[Saved entries]

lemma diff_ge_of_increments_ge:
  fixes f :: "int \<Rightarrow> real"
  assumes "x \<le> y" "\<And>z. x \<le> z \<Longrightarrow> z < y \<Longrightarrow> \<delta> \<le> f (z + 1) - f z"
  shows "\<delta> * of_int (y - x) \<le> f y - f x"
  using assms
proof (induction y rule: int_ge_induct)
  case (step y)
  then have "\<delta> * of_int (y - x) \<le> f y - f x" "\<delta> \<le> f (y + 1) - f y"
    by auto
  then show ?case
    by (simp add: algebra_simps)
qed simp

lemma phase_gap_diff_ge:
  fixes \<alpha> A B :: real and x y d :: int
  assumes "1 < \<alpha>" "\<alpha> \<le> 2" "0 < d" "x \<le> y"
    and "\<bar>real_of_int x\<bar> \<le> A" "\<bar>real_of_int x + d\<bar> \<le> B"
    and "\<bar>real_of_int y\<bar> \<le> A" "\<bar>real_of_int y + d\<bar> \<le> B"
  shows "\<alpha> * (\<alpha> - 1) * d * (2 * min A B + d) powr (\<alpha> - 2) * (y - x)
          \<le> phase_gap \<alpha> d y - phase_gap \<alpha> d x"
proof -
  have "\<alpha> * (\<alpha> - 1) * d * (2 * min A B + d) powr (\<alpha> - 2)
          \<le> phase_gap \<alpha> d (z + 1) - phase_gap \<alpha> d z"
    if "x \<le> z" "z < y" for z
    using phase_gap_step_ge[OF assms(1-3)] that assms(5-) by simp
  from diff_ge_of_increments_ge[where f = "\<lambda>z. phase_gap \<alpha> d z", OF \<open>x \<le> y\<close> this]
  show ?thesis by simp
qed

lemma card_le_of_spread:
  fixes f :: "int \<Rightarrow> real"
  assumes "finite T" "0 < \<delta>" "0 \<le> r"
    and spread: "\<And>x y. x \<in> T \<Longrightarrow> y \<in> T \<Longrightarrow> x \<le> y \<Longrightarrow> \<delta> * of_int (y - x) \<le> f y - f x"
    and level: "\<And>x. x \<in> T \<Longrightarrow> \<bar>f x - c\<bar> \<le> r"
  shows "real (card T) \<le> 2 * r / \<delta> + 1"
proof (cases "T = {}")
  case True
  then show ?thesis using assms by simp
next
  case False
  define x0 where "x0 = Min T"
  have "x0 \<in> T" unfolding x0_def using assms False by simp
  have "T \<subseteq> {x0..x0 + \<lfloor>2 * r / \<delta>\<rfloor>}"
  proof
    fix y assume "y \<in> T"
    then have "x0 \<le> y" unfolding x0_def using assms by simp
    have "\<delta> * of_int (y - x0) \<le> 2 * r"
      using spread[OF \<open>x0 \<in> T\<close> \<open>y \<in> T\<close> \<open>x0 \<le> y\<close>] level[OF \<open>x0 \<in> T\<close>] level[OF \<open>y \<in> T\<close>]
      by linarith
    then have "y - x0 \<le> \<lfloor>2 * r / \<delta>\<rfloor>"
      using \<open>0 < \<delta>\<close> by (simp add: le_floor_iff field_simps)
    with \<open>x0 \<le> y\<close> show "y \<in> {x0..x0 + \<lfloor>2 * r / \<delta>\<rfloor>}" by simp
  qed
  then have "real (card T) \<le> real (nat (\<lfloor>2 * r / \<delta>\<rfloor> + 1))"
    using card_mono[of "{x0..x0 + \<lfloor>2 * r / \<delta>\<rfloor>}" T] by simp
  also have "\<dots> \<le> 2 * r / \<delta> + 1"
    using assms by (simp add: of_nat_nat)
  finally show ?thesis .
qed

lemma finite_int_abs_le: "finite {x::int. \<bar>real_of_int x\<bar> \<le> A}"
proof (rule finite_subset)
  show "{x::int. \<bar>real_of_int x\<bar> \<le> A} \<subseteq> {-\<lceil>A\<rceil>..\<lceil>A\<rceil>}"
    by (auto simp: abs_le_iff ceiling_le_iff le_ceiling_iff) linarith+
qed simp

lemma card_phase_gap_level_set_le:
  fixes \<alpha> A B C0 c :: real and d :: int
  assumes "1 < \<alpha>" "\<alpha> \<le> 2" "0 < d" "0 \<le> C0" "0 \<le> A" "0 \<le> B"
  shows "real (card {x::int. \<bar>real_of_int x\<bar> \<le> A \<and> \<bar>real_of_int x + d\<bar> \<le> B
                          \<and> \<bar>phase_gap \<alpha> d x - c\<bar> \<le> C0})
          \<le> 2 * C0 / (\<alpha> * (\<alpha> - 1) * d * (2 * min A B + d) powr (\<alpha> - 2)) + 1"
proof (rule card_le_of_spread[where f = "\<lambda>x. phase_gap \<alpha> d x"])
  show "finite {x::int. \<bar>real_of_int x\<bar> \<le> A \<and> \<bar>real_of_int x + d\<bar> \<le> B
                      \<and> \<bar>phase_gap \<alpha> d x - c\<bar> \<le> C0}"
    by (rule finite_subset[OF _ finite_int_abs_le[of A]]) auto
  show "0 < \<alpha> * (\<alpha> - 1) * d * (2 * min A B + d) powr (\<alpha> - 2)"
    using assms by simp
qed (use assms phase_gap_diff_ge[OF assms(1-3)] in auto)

What the task requires - Look above for the line containing "T \<Longrightarrow> \<bar>f" and the line containing "x0) \<le> 2". Transcribe both, with the lines between them, exactly.

Result -
    and level: "\<And>x. x \<in> T \<Longrightarrow> \<bar>f x - c\<bar> \<le> r"
  shows "real (card T) \<le> 2 * r / \<delta> + 1"
proof (cases "T = {}")
  case True
  then show ?thesis using assms by simp
next
  case False
  define x0 where "x0 = Min T"
  have "x0 \<in> T" unfolding x0_def using assms False by simp
  have "T \<subseteq> {x0..x0 + \<lfloor>2 * r / \<delta>\<rfloor>}"
  proof
    fix y assume "y \<in> T"
    then have "x0 \<le> y" unfolding x0_def using assms by simp
    have "\<delta> * of_int (y - x0) \<le> 2 * r"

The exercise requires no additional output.